Moyen-Orient

Netanyahou nie avoir autorisé l’entrée de la Force internationale de stabilisation à Gaza


Le Premier ministre israélien réaffirme qu’aucune reconstruction de la bande de Gaza ne sera engagée avant le désarmement complet du Hamas.

Le Premier ministre israélien Benjamin Netanyahou a nié jeudi avoir donné son accord à l’entrée de la Force internationale de stabilisation dans la bande de Gaza, après la circulation de rapports faisant état d’une autorisation du gouvernement à l’arrivée de cette force, à la suite de l’arrivée d’officiers originaires de pays africains tels que le Burundi et l’Ouganda.

L’entrée de cette force dans la bande de Gaza s’inscrit dans le cadre du plan du président américain Donald Trump visant à mettre fin à la guerre menée par Israël contre les Palestiniens depuis le 8 octobre 2023.

Selon le « Conseil international de la paix », présidé par Trump, la Force internationale de stabilisation devrait être composée de soldats de plusieurs pays et placée sous le commandement d’un général américain.

Le bureau de Netanyahou a déclaré dans un communiqué : « Contrairement aux informations rapportées, sans préciser lesquelles, les dirigeants politiques n’ont pas approuvé l’entrée de la force internationale dans la bande de Gaza. »

Le 31 juillet dernier, le « Conseil de la paix » avait annoncé être parvenu à une feuille de route destinée à mettre en œuvre les prochaines étapes du cessez-le-feu. Le Hamas avait ensuite annoncé son acceptation de cette feuille de route et appelé à contraindre Israël à la respecter.

La feuille de route prévoit notamment le transfert de l’administration de la bande de Gaza à un comité national placé sous supervision internationale, le déploiement d’une force internationale de stabilisation, le désarmement du Hamas et le transfert de ses armes sous la responsabilité du comité, parallèlement à un retrait progressif des forces israéliennes et au lancement de la reconstruction.

Cependant, Netanyahou, qui fait l’objet d’un mandat d’arrêt de la Cour pénale internationale pour des accusations de crimes de guerre à Gaza, a annoncé le 9 août qu’il rejetait ces arrangements, exigeant le désarmement du Hamas avant tout retrait israélien.
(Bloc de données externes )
definition trunc_second_moment :: "real \<Rightarrow> real" where
  "trunc_second_moment K = (\<integral>\<omega>. (truncate K (X 1 \<omega>))\<^sup>2 \<partial>M)"

definition trunc_std :: "real \<Rightarrow> real \<Rightarrow> real" where
  "trunc_std K x = (truncate K x - trunc_mean M X K) / sqrt (trunc_var M X K)"

definition trunc_residual :: "real \<Rightarrow> real \<Rightarrow> real" where
  "trunc_residual K x = x - trunc_std K x"

lemma borel_measurable_trunc_std[measurable]: "trunc_std K \<in> borel_measurable borel"
  unfolding trunc_std_def[abs_def] by measurable

lemma borel_measurable_trunc_residual[measurable]: "trunc_residual K \<in> borel_measurable borel"
  unfolding trunc_residual_def[abs_def] by measurable

lemma integrable_X1: "integrable M (X 1)"
  by (rule square_integrable_imp_integrable[OF measurable_X integrable_X1_square])

lemma integrable_truncate: "integrable M (\<lambda>\<omega>. truncate K (X 1 \<omega>))"
  by (rule Bochner_Integration.integrable_bound[OF integrable_X1]) (auto intro!: AE_I2 abs_truncate_le)

lemma integrable_truncate_square: "integrable M (\<lambda>\<omega>. (truncate K (X 1 \<omega>))\<^sup>2)"
  by (rule Bochner_Integration.integrable_bound[OF integrable_X1_square])
    (auto intro!: AE_I2 truncate_square_le)

lemma trunc_mean_eq: "trunc_mean M X K = (\<integral>\<omega>. truncate K (X 1 \<omega>) \<partial>M)"
  unfolding trunc_mean_def mult_indicator_eq_truncate ..

lemma trunc_var_eq: "trunc_var M X K = trunc_second_moment K - (trunc_mean M X K)\<^sup>2"
  unfolding trunc_var_def mult_indicator_eq_truncate trunc_mean_eq trunc_second_moment_def
  using variance_eq[OF integrable_truncate integrable_truncate_square] by simp

lemma trunc_X_eq: "trunc_X M X K u \<omega> = trunc_std K (X u \<omega>)"
  unfolding trunc_X_def mult_indicator_eq_truncate trunc_std_def ..

lemma tendsto_trunc_mean: "(trunc_mean M X \<longlongrightarrow> 0) at_top"
  using tendsto_integral_dominated_eventually_eq[OF integrable_X1 _ abs_truncate_le eventually_truncate_eq]
    integral_X1
  by (simp add: trunc_mean_eq[abs_def])

lemma tendsto_trunc_second_moment: "(trunc_second_moment \<longlongrightarrow> 1) at_top"
proof -
  have "((\<lambda>K. \<integral>\<omega>. (truncate K (X 1 \<omega>))\<^sup>2 \<partial>M) \<longlongrightarrow> \<integral>\<omega>. (X 1 \<omega>)\<^sup>2 \<partial>M) at_top"
  proof (rule tendsto_integral_dominated_eventually_eq[OF integrable_X1_square])
    show "\<forall>\<^sub>F K in at_top. (truncate K (X 1 \<omega>))\<^sup>2 = (X 1 \<omega>)\<^sup>2" for \<omega>
      using eventually_truncate_eq[of "X 1 \<omega>"] by eventually_elim simp
  qed (auto simp: truncate_square_le)
  then show ?thesis
    using integral_X1_square by (simp add: trunc_second_moment_def[abs_def])
qed

lemma tendsto_trunc_var: "(trunc_var M X \<longlongrightarrow> 1) at_top"
  using tendsto_diff[OF tendsto_trunc_second_moment tendsto_power[OF tendsto_trunc_mean, of 2]]
  by (simp add: trunc_var_eq[abs_def])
Le bureau de Netanyahou a ajouté jeudi : « Israël a clairement indiqué qu’aucune reconstruction de la bande de Gaza n’aura lieu avant le désarmement complet du Hamas. »

La guerre, menée avec le soutien des États-Unis, aurait fait plus de 73 000 morts et plus de 174 000 blessés palestiniens, pour la plupart des enfants et des femmes, et aurait causé des destructions touchant 90 % des infrastructures.

Malgré l’accord de cessez-le-feu annoncé le 10 octobre 2025, Israël poursuit, selon le texte, ses opérations militaires quotidiennes, qui auraient fait 1 273 morts et 4 223 blessés palestiniens depuis l’entrée en vigueur de la trêve, pour la plupart des enfants et des femmes, en plus d’importantes destructions.

Israël empêche également l’entrée dans la bande de Gaza des quantités convenues de denrées alimentaires, de médicaments, de fournitures médicales, de matériaux destinés aux abris et de logements préfabriqués, alors qu’environ 2,4 millions de Palestiniens, dont 2,15 millions de déplacés, y vivent dans des conditions catastrophiques.

En 1948, Israël a été établi sur des territoires conquis par des milices sionistes armées qui ont commis des massacres et déplacé au moins 750 000 Palestiniens. Israël a ensuite occupé le reste des territoires palestiniens et refuse de s’en retirer ainsi que de permettre l’établissement de l’État de Palestine prévu par plusieurs résolutions des Nations unies.